Attn: L. Stanton Lowry
4201 Wingren Dr., Suite 108
Irving, Texas 75062
Section 10. ASSIGNMENT AND SUCCESSORS
The Partnership may at any time assign, transfer or otherwise convey any
of its rights or obligations under this Agreement to an Affiliate without the
approval of the Town so long as The Partnership, the Affiliate and the
Town first execute an agreement approved by the Town Council of the
Town under which the Affiliate agrees to assume and be bound by all
covenants and obligations of The Partnership under this Agreement.

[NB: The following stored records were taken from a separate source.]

(* Let $\Gamma$ be a regular axis-parallel square grid in the plane whose squares have diameter $1$ (side length $1/\sqrt{2}$), and call the open squares of $\Gamma$ cells. Let $p$ and $q$ be any two points in the plane, each lying in some cell, with $|pq|\le 1$, and let $D(p,q)$ be the closed disk having segment $pq$ as a diameter. 1. If $p$ and $q$ are in different cells, then $D(p,q)$ intersects at most $7$ cells. 2. If $p$ and $q$ are in the same cell $\pi$, then the only cells that $D(p,q)$ can intersect are $\pi$ and its four $+$-neighbors.
   Context: The $+$-neighbors of a cell $\pi$ are the four cells that share a side with $\pi$. Cells are open (they do not contain their boundary), and disks are closed. *)

theory Defs
  imports "HOL-Analysis.Analysis"
begin

text \<open>Points of the plane are pairs of reals; the metric on real \<times> real in
HOL-Analysis is the Euclidean one. The grid has side length 1/sqrt 2
(so each square has diameter 1) and an arbitrary offset (a, b).\<close>

definition grid_side :: real where
  "grid_side = 1 / sqrt 2"

definition cell :: "real \<Rightarrow> real \<Rightarrow> int \<Rightarrow> int \<Rightarrow> (real \<times> real) set" where
  "cell a b i j = {(x, y). a + of_int i * grid_side < x \<and> x < a + of_int (i + 1) * grid_side
                       \<and> b + of_int j * grid_side < y \<and> y < b + of_int (j + 1) * grid_side}"

definition diam_disk :: "real \<times> real \<Rightarrow> real \<times> real \<Rightarrow> (real \<times> real) set" where
  "diam_disk p q = cball (midpoint p q) (dist p q / 2)"

definition cells_hit :: "real \<Rightarrow> real \<Rightarrow> (real \<times> real) set \<Rightarrow> (int \<times> int) set" where
  "cells_hit a b S = {(k, l). S \<inter> cell a b k l \<noteq> {}}"

end

theory Submission
  imports Defs
begin

text \<open>
  Both parts reduce to one-dimensional facts about the rows and columns of the grid,
  whose width s = 1/sqrt 2 exceeds 1/2.

  A disk of diameter at most 1 has radius at most 1/2 < s, so it only meets the
  3 \<times> 3 block of cells around the cell index of its centre. Two cells at opposite
  corners of this block are separated by more than s in both coordinates, hence their
  points are more than sqrt 2 \<cdot> s = 1 apart; so each diagonal pair of corners of the
  block contributes at most one cell, and at most 7 cells are met.

  If p and q lie in the same cell, Thales' theorem says z \<in> D(p,q) iff
  (z - p) \<bullet> (z - q) \<le> 0. Its first coordinate term (x - p1)(x - q1), with p1 and q1
  in the same column, exceeds -s^2/4, is positive if x lies in another column, and
  exceeds s^2 if x lies two or more columns away; likewise for the second coordinate.
  A non-positive sum of the two terms therefore forces z into the cell itself or one of
  its four +-neighbours.
\<close>

definition slab :: "real \<Rightarrow> real \<Rightarrow> int \<Rightarrow> real set" where
  "slab c s k = {c + of_int k * s <..< c + of_int (k + 1) * s}"

lemma cell_eq_Times: "cell a b i j = slab a grid_side i \<times> slab b grid_side j"
  by (auto simp: cell_def slab_def)

lemma grid_side_pos: "0 < grid_side"
  by (simp add: grid_side_def)

lemma sqrt2_mult_grid_side: "sqrt 2 * grid_side = 1"
  by (simp add: grid_side_def)

lemma grid_side_gt_half: "1/2 < grid_side"
proof -
  have "sqrt 2 < 2"
    using real_sqrt_less_iff[of 2 4] by simp
  thus ?thesis by (simp add: grid_side_def field_simps)
qed

lemma floor_divide_slab:
  assumes "0 < s" "x \<in> slab c s k"
  shows "\<lfloor>(x - c) / s\<rfloor> = k"
  using assms by (auto simp: slab_def floor_eq_iff field_simps)

lemma slab_index_close:
  assumes "0 < s" "x \<in> slab c s k" "\<bar>x - y\<bar> < s"
  shows "\<bar>k - \<lfloor>(y - c) / s\<rfloor>\<bar> \<le> 1"
proof -
  have "\<bar>(x - c) / s - (y - c) / s\<bar> < 1"
    using assms by (simp add: diff_divide_distrib[symmetric] abs_divide)
  thus ?thesis
    using floor_divide_slab[OF assms(1,2)] by linarith
qed

lemma slab_gap:
  assumes "0 < s" "x \<in> slab c s k" "y \<in> slab c s l" "2 \<le> \<bar>k - l\<bar>"
  shows "s < \<bar>x - y\<bar>"
proof -
  have "of_int k * s + 2 * s \<le> of_int l * s \<or> of_int l * s + 2 * s \<le> of_int k * s"
    using assms(1,4) mult_right_mono[of "of_int _ + 2" "of_int _" s]
    by (cases "k \<le> l") (auto simp: distrib_right)
  thus ?thesis using assms(2,3) by (auto simp: slab_def distrib_right)
qed

lemma slab_diff_lt:
  assumes "x \<in> slab c s k" "y \<in> slab c s k"
  shows "\<bar>x - y\<bar> < s"
  using assms by (auto simp: slab_def distrib_right)

lemma slab_outside_mult_pos:
  assumes "0 < s" "p \<in> slab c s i" "q \<in> slab c s i" "x \<in> slab c s k" "k \<noteq> i"
  shows "0 < (x - p) * (x - q)"
proof -
  have "of_int k * s + s \<le> of_int i * s \<or> of_int i * s + s \<le> of_int k * s"
    using assms(1,5) mult_right_mono[of "of_int _ + 1" "of_int _" s]
    by (cases "k < i") (auto simp: distrib_right)
  hence "(x < p \<and> x < q) \<or> (p < x \<and> q < x)"
    using assms(2-4) by (auto simp: slab_def distrib_right)
  thus ?thesis by (auto simp: mult_pos_pos mult_neg_neg)
qed

lemma slab_far_mult_gt:
  assumes "0 < s" "p \<in> slab c s i" "q \<in> slab c s i" "x \<in> slab c s k" "2 \<le> \<bar>k - i\<bar>"
  shows "s * s < (x - p) * (x - q)"
proof -
  have "0 < (x - p) * (x - q)"
    using slab_outside_mult_pos[OF assms(1-4)] assms(5) by fastforce
  hence "(x - p) * (x - q) = \<bar>x - p\<bar> * \<bar>x - q\<bar>"
    by (simp add: abs_mult[symmetric])
  moreover have "s * s < \<bar>x - p\<bar> * \<bar>x - q\<bar>"
    using slab_gap[OF assms(1,4,2)] slab_gap[OF assms(1,4,3)] assms(1,5)
    by (intro mult_strict_mono) auto
  ultimately show ?thesis by simp
qed

lemma diff_mult_diff_ge:
  fixes x p q :: real
  shows "- ((p - q) * (p - q)) / 4 \<le> (x - p) * (x - q)"
proof -
  have "(x - p) * (x - q) = (x - (p + q) / 2)\<^sup>2 - (p - q) * (p - q) / 4"
    by (simp add: power2_eq_square field_simps)
  thus ?thesis by simp
qed

lemma slab_mult_gt_neg_quarter:
  assumes "p \<in> slab c s i" "q \<in> slab c s i"
  shows "- (s * s) / 4 < (x - p) * (x - q)"
proof -
  have "\<bar>p - q\<bar> * \<bar>p - q\<bar> < s * s"
    using slab_diff_lt[OF assms] by (intro mult_strict_mono) auto
  thus ?thesis using diff_mult_diff_ge[of p q x] by (simp add: abs_mult_self_eq)
qed

lemma norm_half_sum_sq:
  fixes u v :: "'a::real_inner"
  shows "(norm ((1/2) *\<^sub>R (u + v)))\<^sup>2 = (norm (v - u) / 2)\<^sup>2 + inner u v"
  by (simp add: power2_norm_eq_inner inner_add inner_diff inner_commute power_divide
      field_simps)

lemma dist_midpoint_sq:
  fixes z p q :: "'a::real_inner"
  shows "(dist z (midpoint p q))\<^sup>2 = (dist p q / 2)\<^sup>2 + inner (z - p) (z - q)"
proof -
  have "z - midpoint p q = (1/2) *\<^sub>R ((z - p) + (z - q))" "p - q = (z - q) - (z - p)"
    by (simp_all add: midpoint_def algebra_simps flip: scaleR_add_left)
  thus ?thesis unfolding dist_norm by (simp only: norm_half_sum_sq)
qed

lemma mem_diam_disk_iff: "z \<in> diam_disk p q \<longleftrightarrow> inner (z - p) (z - q) \<le> 0"
proof -
  have "z \<in> diam_disk p q \<longleftrightarrow> (dist z (midpoint p q))\<^sup>2 \<le> (dist p q / 2)\<^sup>2"
    by (simp add: diam_disk_def dist_commute)
  thus ?thesis by (simp add: dist_midpoint_sq)
qed

lemma dist_gt_of_coordinate_gaps:
  fixes z1 z2 :: "real \<times> real"
  assumes "0 \<le> s" "s < \<bar>fst z1 - fst z2\<bar>" "s < \<bar>snd z1 - snd z2\<bar>"
  shows "sqrt 2 * s < dist z1 z2"
proof -
  have "s * s < \<bar>fst z1 - fst z2\<bar> * \<bar>fst z1 - fst z2\<bar>"
    using assms(1,2) by (intro mult_strict_mono) auto
  moreover have "s * s < \<bar>snd z1 - snd z2\<bar> * \<bar>snd z1 - snd z2\<bar>"
    using assms(1,3) by (intro mult_strict_mono) auto
  ultimately
  have "2 * s\<^sup>2 < (fst z1 - fst z2)\<^sup>2 + (snd z1 - snd z2)\<^sup>2"
    by (simp add: power2_eq_square)
  hence "sqrt (2 * s\<^sup>2) < dist z1 z2"
    by (simp add: dist_prod_def dist_real_def)
  thus ?thesis using assms(1) by (simp add: real_sqrt_mult)
qed

lemma cells_hit_cball_near_center:
  assumes "r \<le> 1/2" "(k, l) \<in> cells_hit a b (cball c r)"
  shows "\<bar>k - \<lfloor>(fst c - a) / grid_side\<rfloor>\<bar> \<le> 1 \<and> \<bar>l - \<lfloor>(snd c - b) / grid_side\<rfloor>\<bar> \<le> 1"
proof -
  obtain z where z: "dist c z \<le> r" "fst z \<in> slab a grid_side k" "snd z \<in> slab b grid_side l"
    using assms(2) by (auto simp: cells_hit_def cell_eq_Times mem_Times_iff)
  have "\<bar>fst z - fst c\<bar> < grid_side" "\<bar>snd z - snd c\<bar> < grid_side"
    using dist_fst_le[of z c] dist_snd_le[of z c] z(1) assms(1) grid_side_gt_half
    by (auto simp: dist_real_def dist_commute)
  thus ?thesis
    using slab_index_close[OF grid_side_pos] z(2,3) by blast
qed

lemma cells_hit_cball_no_opposite_corners:
  assumes "r \<le> 1/2" "(k1, l1) \<in> cells_hit a b (cball c r)" "(k2, l2) \<in> cells_hit a b (cball c r)"
  shows "\<bar>k1 - k2\<bar> \<le> 1 \<or> \<bar>l1 - l2\<bar> \<le> 1"
proof (rule ccontr)
  assume "\<not> ?thesis"
  hence gaps: "2 \<le> \<bar>k1 - k2\<bar>" "2 \<le> \<bar>l1 - l2\<bar>" by auto
  obtain z1 where z1: "dist c z1 \<le> r" "fst z1 \<in> slab a grid_side k1" "snd z1 \<in> slab b grid_side l1"
    using assms(2) by (auto simp: cells_hit_def cell_eq_Times mem_Times_iff)
  obtain z2 where z2: "dist c z2 \<le> r" "fst z2 \<in> slab a grid_side k2" "snd z2 \<in> slab b grid_side l2"
    using assms(3) by (auto simp: cells_hit_def cell_eq_Times mem_Times_iff)
  have "grid_side < \<bar>fst z1 - fst z2\<bar>" "grid_side < \<bar>snd z1 - snd z2\<bar>"
    using slab_gap[OF grid_side_pos] z1(2,3) z2(2,3) gaps by blast+
  hence "sqrt 2 * grid_side < dist z1 z2"
    using grid_side_pos by (intro dist_gt_of_coordinate_gaps) auto
  moreover have "dist z1 z2 \<le> 1"
    using dist_triangle[of z1 z2 c] z1(1) z2(1) assms(1) by (simp add: dist_commute)
  ultimately show False by (simp add: sqrt2_mult_grid_side)
qed

lemma card_le_7_if_no_opposite_corners:
  fixes H :: "(int \<times> int) set"
  assumes block: "H \<subseteq> {n - 1..n + 1} \<times> {m - 1..m + 1}"
    and corners: "\<And>k1 l1 k2 l2. (k1, l1) \<in> H \<Longrightarrow> (k2, l2) \<in> H \<Longrightarrow> \<bar>k1 - k2\<bar> \<le> 1 \<or> \<bar>l1 - l2\<bar> \<le> 1"
  shows "card H \<le> 7"
proof -
  obtain e1 where e1: "e1 \<in> {(n - 1, m - 1), (n + 1, m + 1)}" "e1 \<notin> H"
    using corners[of "n - 1" "m - 1" "n + 1" "m + 1"] by auto
  obtain e2 where e2: "e2 \<in> {(n - 1, m + 1), (n + 1, m - 1)}" "e2 \<notin> H"
    using corners[of "n - 1" "m + 1" "n + 1" "m - 1"] by auto
  have "H \<subseteq> {n - 1..n + 1} \<times> {m - 1..m + 1} - {e1, e2}"
    using block e1(2) e2(2) by blast
  moreover have "card ({n - 1..n + 1} \<times> {m - 1..m + 1} - {e1, e2}) = 7"
    using e1(1) e2(1) by (subst card_Diff_subset) (auto simp: card_cartesian_product)
  ultimately show ?thesis
    by (metis card_mono finite_Diff finite_SigmaI finite_atLeastAtMost_int)
qed

lemma card_cells_hit_cball:
  assumes "r \<le> 1/2"
  shows "finite (cells_hit a b (cball c r)) \<and> card (cells_hit a b (cball c r)) \<le> 7"
proof -
  define n where "n = \<lfloor>(fst c - a) / grid_side\<rfloor>"
  define m where "m = \<lfloor>(snd c - b) / grid_side\<rfloor>"
  have block: "cells_hit a b (cball c r) \<subseteq> {n - 1..n + 1} \<times> {m - 1..m + 1}"
    using cells_hit_cball_near_center[OF assms] unfolding n_def m_def by fastforce
  show ?thesis
  proof
    show "finite (cells_hit a b (cball c r))"
      using block by (rule finite_subset) simp
    show "card (cells_hit a b (cball c r)) \<le> 7"
      using block cells_hit_cball_no_opposite_corners[OF assms]
      by (rule card_le_7_if_no_opposite_corners)
  qed
qed

lemma diam_disk_in_cell_hits_plus_neighbor:
  assumes p: "p \<in> cell a b i j" and q: "q \<in> cell a b i j"
    and z: "z \<in> diam_disk p q" "z \<in> cell a b k l"
  shows "(k, l) \<in> {(i, j), (i + 1, j), (i - 1, j), (i, j + 1), (i, j - 1)}"
proof -
  let ?s = grid_side
  define X where "X = (fst z - fst p) * (fst z - fst q)"
  define Y where "Y = (snd z - snd p) * (snd z - snd q)"
  have slabs: "fst p \<in> slab a ?s i" "fst q \<in> slab a ?s i" "fst z \<in> slab a ?s k"
    "snd p \<in> slab b ?s j" "snd q \<in> slab b ?s j" "snd z \<in> slab b ?s l"
    using p q z(2) by (auto simp: cell_eq_Times mem_Times_iff)
  have "X + Y \<le> 0"
    using z(1) unfolding mem_diam_disk_iff X_def Y_def by (simp add: inner_prod_def)
  moreover have "- (?s * ?s) / 4 < X" "- (?s * ?s) / 4 < Y"
    unfolding X_def Y_def
    using slab_mult_gt_neg_quarter[OF slabs(1,2)] slab_mult_gt_neg_quarter[OF slabs(4,5)] by blast+
  moreover have "k \<noteq> i \<longrightarrow> 0 < X" "l \<noteq> j \<longrightarrow> 0 < Y"
    unfolding X_def Y_def using slabs by (auto intro: slab_outside_mult_pos[OF grid_side_pos])
  moreover have "2 \<le> \<bar>k - i\<bar> \<longrightarrow> ?s * ?s < X" "2 \<le> \<bar>l - j\<bar> \<longrightarrow> ?s * ?s < Y"
    unfolding X_def Y_def using slabs by (auto intro: slab_far_mult_gt[OF grid_side_pos])
  moreover have "0 < ?s * ?s" using grid_side_pos by simp
  ultimately have "(k = i \<or> l = j) \<and> \<bar>k - i\<bar> \<le> 1 \<and> \<bar>l - j\<bar> \<le> 1"
    by linarith
  thus ?thesis by auto
qed

theorem lemma4:
  fixes a b :: real and p q :: "real \<times> real" and i j i' j' :: int
  assumes p_in: "p \<in> cell a b i j"
    and q_in: "q \<in> cell a b i' j'"
    and close: "dist p q \<le> 1"
  shows "((i, j) \<noteq> (i', j') \<longrightarrow>
            finite (cells_hit a b (diam_disk p q)) \<and> card (cells_hit a b (diam_disk p q)) \<le> 7)
       \<and> ((i, j) = (i', j') \<longrightarrow>
            cells_hit a b (diam_disk p q) \<subseteq> {(i, j), (i + 1, j), (i - 1, j), (i, j + 1), (i, j - 1)})"
proof (rule conjI; intro impI)
  show "finite (cells_hit a b (diam_disk p q)) \<and> card (cells_hit a b (diam_disk p q)) \<le> 7"
    using card_cells_hit_cball[of "dist p q / 2"] close unfolding diam_disk_def by simp
  assume "(i, j) = (i', j')"
  then have "q \<in> cell a b i j" using q_in by simp
  then show "cells_hit a b (diam_disk p q) \<subseteq> {(i, j), (i + 1, j), (i - 1, j), (i, j + 1), (i, j - 1)}"
    using diam_disk_in_cell_hits_plus_neighbor[OF p_in] unfolding cells_hit_def by blast
qed

end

Otherwise, The Partnership may not assign, transfer or otherwise convey
any of its rights or obligations under this Agreement to any other person or
entity without the prior consent of the Town Council, which said consent
may be withheld at the Town's sole discretion, conditioned on (i) the prior
approval of the assignee or successor and a finding by the Town Council
that the proposed assignee or successor is financially capable of meeting the
terms and conditions of this Agreement and (ii) prior execution by the
proposed assignee or successor of a written agreement with the Town under
which the proposed assignee or successor agrees to assume and be bound by
all covenants and obligations of The Partnership under this Agreement.
Any attempted assignment without the Town Council's prior consent shall
constitute a breach and be grounds for termination of this Agreement and
following receipt of written notice from the Town to The Partnership. Any
lawful assignee or successor in interest of The Partnership of all rights under
this Agreement shall be deemed "The Partnership" for all purposes under
this Agreement.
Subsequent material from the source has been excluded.